Webster Thayer (July 7, 1857 – April 18, 1933) was a judge of the Superior Court of Massachusetts, best known as the trial judge in the Sacco and Vanzetti case.

==Background==
Thayer was born in Blackstone, Massachusetts, on July 7, 1857. He attended Worcester Academy and graduated from Dartmouth College in 1880 where he captained the baseball and football teams. He learned law through an apprenticeship rather than by attending law school and was admitted to the bar in 1882. He enjoyed a modest career in local politics, first as a Democrat and later as a Republican. He was appointed a judge of the Superior Court of Massachusetts in Dedham in 1917.

In 1920, Thayer gave a speech to new American citizens decrying Bolshevism and anarchism's threat to American institutions. He supported the suppression of radical speech and rebuked a jury that failed to return a conviction because they believed that an overt act was required rather than speech alone.

==Sacco and Vanzetti trials==
In the same year, two Italian immigrants, Nicola Sacco and Bartolomeo Vanzetti, were arrested and charged with robbery and murder for the killing of a factory paymaster and his guard in South Braintree, Massachusetts. Both Sacco and Vanzetti were Galleanists, adherents of Luigi Galleani and his particular brand of violent anarchism. A friend of Sacco and Vanzetti, Mario Buda, is believed to have been responsible for the Wall Street Bombing on September 16, 1920, in which 38 people were killed in response to the indictment of the two men. Thayer presided at the jury trial of Sacco and Vanzetti, at the end of which both men were found guilty and sentenced to death. Thayer denied all post-trial motions for a new trial, an act for which he was condemned by various left-wing and civil liberties groups and prominent legal scholars, including Felix Frankfurter.

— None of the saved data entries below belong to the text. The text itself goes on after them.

lemma sum_weighted_square_diff_bias_variance:
  assumes "sum q I = 1"
  shows "(\<Sum>i\<in>I. q i * (a - v i)\<^sup>2) = (a - (\<Sum>i\<in>I. q i * v i))\<^sup>2 + wvariance I q v"
  unfolding wvariance_eq[OF assms] sum_weighted_square_diff assms
  by (simp add: power2_eq_square algebra_simps)

lemma wvariance_nonneg: "(\<And>i. i \<in> I \<Longrightarrow> 0 \<le> q i) \<Longrightarrow> 0 \<le> wvariance I q v"
  unfolding wvariance_def by (auto intro: sum_nonneg)

lemma sum_shifted_weight:
  fixes q v :: "'i \<Rightarrow> real"
  assumes "finite I" "s \<in> I"
  shows "(\<Sum>i\<in>I. ((1 - t) * q i + t * indicator {s} i) * v i)
    = (1 - t) * (\<Sum>i\<in>I. q i * v i) + t * v s"
proof -
  have "(\<Sum>i\<in>I. ((1 - t) * q i + t * indicator {s} i) * v i)
      = (\<Sum>i\<in>I. (1 - t) * (q i * v i) + (if i = s then t * v s else 0))"
    by (rule sum.cong) (auto simp: algebra_simps)
  then show ?thesis
    using assms by (simp add: sum.distrib sum_distrib_left)
qed

lemma wvariance_shifted_weight:
  assumes "finite I" "s \<in> I" "sum q I = 1"
  shows "wvariance I (\<lambda>i. (1 - t) * q i + t * indicator {s} i) v
    = (1 - t) * wvariance I q v + t * (1 - t) * (v s - (\<Sum>i\<in>I. q i * v i))\<^sup>2"
proof -
  have shifted_sum: "sum (\<lambda>i. (1 - t) * q i + t * indicator {s} i) I = 1"
    using sum_shifted_weight[OF assms(1,2), of t q "\<lambda>_. 1"] assms(3) by simp
  show ?thesis
    unfolding wvariance_eq[OF assms(3)] wvariance_eq[OF shifted_sum]
      sum_shifted_weight[OF assms(1,2)]
    by (simp add: power2_eq_square algebra_simps)
qed

lemma perturbation_bound_imp_le:
  fixes a b :: real
  assumes "0 \<le> b" and le: "\<And>t. 0 < t \<Longrightarrow> t \<le> 1 \<Longrightarrow> (1 - t) * b + t * (1 - t) * a \<le> b"
  shows "a \<le> b"
proof (rule ccontr)
  assume "\<not> a \<le> b"
  then have "b < a" "0 < a" using \<open>0 \<le> b\<close> by auto
  define t where "t = (a - b) / (2 * a)"
  have "0 < t" "t \<le> 1"
    unfolding t_def using \<open>b < a\<close> \<open>0 < a\<close> \<open>0 \<le> b\<close> by (auto simp: field_simps)
  moreover have "(1 - t) * b + t * (1 - t) * a = b + t * (a - b) / 2"
    unfolding t_def using \<open>0 < a\<close> by (simp add: field_simps)
  ultimately have "t * (a - b) \<le> 0"
    using le[of t] by simp
  with \<open>0 < t\<close> \<open>b < a\<close> show False
    by (simp add: mult_le_0_iff)
qed

lemma convex_fset_sum:
  assumes "convex_fset F" "finite I" "sum q I = 1" "\<And>i. i \<in> I \<Longrightarrow> 0 \<le> q i"
    and "\<And>i. i \<in> I \<Longrightarrow> f i \<in> F"
  shows "(\<lambda>x. \<Sum>i\<in>I. q i * f i x) \<in> F"
  using assms(2-5)
proof (induction arbitrary: q rule: finite_induct)
  case empty
  then show ?case by simp
next
  case (insert i I)
  have "0 \<le> sum q I" using insert.prems by (simp add: sum_nonneg)
  show ?case
  proof (cases "sum q I = 0")
    case True
    then have "\<forall>j\<in>I. q j = 0" using insert by (simp add: sum_nonneg_eq_0_iff)
    then show ?thesis using insert True by simp
  next
    case False
    with \<open>0 \<le> sum q I\<close> have pos: "0 < sum q I" by simp
    then have "(\<lambda>x. \<Sum>j\<in>I. q j / sum q I * f j x) \<in> F"
      using insert by (intro insert.IH) (simp_all flip: sum_divide_distrib)
    then have "(\<lambda>x. q i * f i x + (1 - q i) * (\<Sum>j\<in>I. q j / sum q I * f j x)) \<in> F"
      using assms(1) insert \<open>0 \<le> sum q I\<close> unfolding convex_fset_def by auto
    moreover have "1 - q i = sum q I" using insert by simp
    ultimately show ?thesis
      using insert pos by (simp add: sum_distrib_left)
  qed
qed

section \<open>Joint laws of potential outcomes and covariates\<close>

locale outcome_model =
  fixes Q :: "(real \<times> real \<times> 'x) measure" and QX :: "'x measure"
  assumes sets_Q: "sets Q = sets (borel \<Otimes>\<^sub>M (borel \<Otimes>\<^sub>M QX))"
    and prob_space_Q: "prob_space Q"
    and distr_covariate: "distr Q QX covariate = QX"
    and effect_square_integrable: "integrable Q (\<lambda>w. (effect w)\<^sup>2)"
begin

lemma measurable_covariate: "covariate \<in> measurable Q QX"
proof -
  have "covariate \<in> measurable (borel \<Otimes>\<^sub>M (borel \<Otimes>\<^sub>M QX)) QX"
    by measurable
  then show ?thesis using measurable_cong_sets[OF sets_Q refl] by blast
qed

lemma effect_in_L2: "in_L2 Q effect"
proof -
  have "effect \<in> borel_measurable (borel \<Otimes>\<^sub>M (borel \<Otimes>\<^sub>M QX))"
    by measurable
  then show ?thesis
    using measurable_cong_sets[OF sets_Q refl] effect_square_integrable
    unfolding in_L2_def by blast
qed

lemma integral_covariate:
  fixes f :: "'x \<Rightarrow> real"
  assumes "f \<in> borel_measurable QX"
  shows "(\<integral>x. f x \<partial>QX) = (\<integral>w. f (covariate w) \<partial>Q)"
  using integral_distr[OF measurable_covariate assms] by (simp add: distr_covariate)

lemma covariate_funcset: "covariate \<in> space Q \<rightarrow> space QX"
  using measurable_space[OF measurable_covariate] by blast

Thayer's behavior both on and off the bench during the trial drew criticism. A Boston Globe reporter, Frank Sibley, who had covered the trial, wrote a letter of protest to the Massachusetts attorney general condemning Thayer's bias. Others noted the frequency with which Thayer denied defense motions and the way he addressed defense attorney Fred H. Moore. Thayer defended his rulings to reporters saying, "No long-haired anarchist from California can run this court!" According to onlookers who later swore affidavits, in private discussion Thayer called Sacco and Vanzetti "Bolsheviki!" and said he would "get them good and proper". In 1924, referring to his denial of motions for a new trial, Thayer confronted a Massachusetts lawyer: "Did you see what I did with those anarchistic bastards the other day?" the judge said. "I guess that will hold them for a while! Let them go and see now what they can get out of the Supreme Court!" The outburst remained a secret until 1927 when its release fueled the arguments of Sacco and Vanzetti's defenders. The New York World attacked Thayer as "an agitated little man looking for publicity and utterly impervious to the ethical standards one has the right to expect of a man presiding in a capital case."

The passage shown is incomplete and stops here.